Alauddin was the second son of Sultan Ali Mughayat Syah, founder of the Aceh Sultanate.

After Ali's death in 1530, his eldest son Salahuddin ruled for a while but was inept in governing the sultanate. The queen mother had great influence in the state and appointed a regent called Raja Bungsu who had a green payung (parasol), a symbol of authority, and a house opposite the royal abode. Meanwhile, Alauddin governed Samudra Pasai which had been conquered by Aceh in 1524. Being dissatisfied with conditions in the capital, he staged a royal coup in c. 1537 or 1539, killed Raja Bungsu, and imprisoned Salahuddin and the Queen Mother Sitt Hur, who would die years later in 1548 and 1554 respectively. Alauddin now took the throne with the regnal title Sultan Alauddin Ri'ayat Syah al-Kahar. Under Acehnese tradition he is remembered as a great organizer of the Acehnese state. Thus he was supposedly the ruler who divided Acehnese society into administrative lineage groups (kaum or sukeë), but it is unclear whether this attribution is correct.

==Conquests on Sumatra==

The campaigns of Alauddin began in 1539 when he waged war on the Batak people, who lived to the south of Aceh. The Portuguese traveler Fernão Mendes Pinto mentions that the sultan asked the king of the Bataks to convert to Islam, and attacked him when he refused.
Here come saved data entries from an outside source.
(* For every strongly normalisable $\lambda\mu$-term $M$ (i.e. $M\in\mathrm{SN}$) there exist a restricted basis $\Gamma$, a restricted name context $\Delta$ and a restricted term type $\delta$ such that $\Gamma \vdash_{R} M : \delta \mid \Delta$ is derivable in the restricted intersection type system.
   Context: Terms of Parigot's untyped $\lambda\mu$-calculus: $M ::= x \mid \lambda x.M \mid MN \mid \mu\alpha.C$, commands $C ::= [\alpha]M$, with reduction the compatible closure of $(\lambda x.M)N \to M[N/x]$ and $(\mu\alpha.C)N \to \mu\alpha.C[\alpha \Leftarrow N]$ (structural substitution: every subcommand $[\alpha]P$ becomes $[\alpha]P'N$); the renaming rule $[\alpha]\mu\beta.C\to C[\alpha/\beta]$ is ignored here, which does not change the set of strongly normalisable terms. $\mathrm{SN}$ is the set of terms admitting no infinite reduction sequence. Restricted types: with a single type constant $\varphi$, term types $\delta ::= \kappa\to\varphi \mid \delta\wedge\delta$ and continuation types $\kappa ::= \omega \mid \delta\times\kappa \mid \kappa\wedge\kappa$, pre-ordered by the least intersection type theory ($\wedge$ is the meet) with $\kappa\le\omega$, $(\delta_1\times\kappa_1)\wedge(\delta_2\times\kappa_2)\le(\delta_1\wedge\delta_2)\times(\kappa_1\wedge\kappa_2)$, $\times$ covariant in both arguments, and $\kappa_1\to\varphi\le\kappa_2\to\varphi$ whenever $\kappa_2\le\kappa_1$. A restricted basis $\Gamma$ maps finitely many term variables to restricted term types; a restricted name context $\Delta$ maps finitely many names to restricted continuation types ($\Delta(\alpha)=\omega$ if $\alpha$ is not declared). $\Gamma\vdash_R T:\sigma\mid\Delta$ means derivable, with all judgements restricted and without the rule assigning $\omega$ to arbitrary terms, using the rules: (Ax) $\Gamma,x{:}\delta\vdash x:\delta\mid\Delta$; (Abs) from $\Gamma,x{:}\delta\vdash M:\kappa\to\varphi\mid\Delta$ infer $\Gamma\vdash\lambda x.M:\delta\times\kappa\to\varphi\mid\Delta$; (App) from $\Gamma\vdash M:\delta\times\kappa\to\varphi\mid\Delta$ and $\Gamma\vdash N:\delta\mid\Delta$ infer $\Gamma\vdash MN:\kappa\to\varphi\mid\Delta$; (Cmd) from $\Gamma\vdash M:\delta\mid\Delta$ infer $\Gamma\vdash[\alpha]M:\delta\times\Delta(\alpha)\mid\Delta$; ($\mu$) from $\Gamma\vdash C:(\kappa'\to\varphi)\times\kappa'\mid\alpha{:}\kappa,\Delta$ infer $\Gamma\vdash\mu\alpha.C:\kappa\to\varphi\mid\Delta$; plus intersection introduction ($\wedge$) and subsumption ($\le$). *)

theory Defs
  imports Main
begin

text \<open>Term variables and names live in two separate de Bruijn index spaces.
  Lam binds term variable 0, Mu binds name 0.  Cmd a M is the command [a]M.\<close>

datatype trm = Var nat | Lam trm | App trm trm | Mu cmd
     and cmd = Cmd nat trm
Pinto provides a long and picturesque account of the Bataks and their affairs with the Acehnese; it is doubtful from the point of view that no comprehensive Batak kingdom is known to other sources. The Acehnese army reportedly included contingents of Turks and men from Cambay and Malabar. After this campaign Alauddin attacked the Aru Kingdom, (the later Deli Sultanate). He killed the ruler of Aru in 1539, but was then forced by the Johor Sultanate's army to withdraw in around 1540, Aru subsequently belonged to Johor up to 1564.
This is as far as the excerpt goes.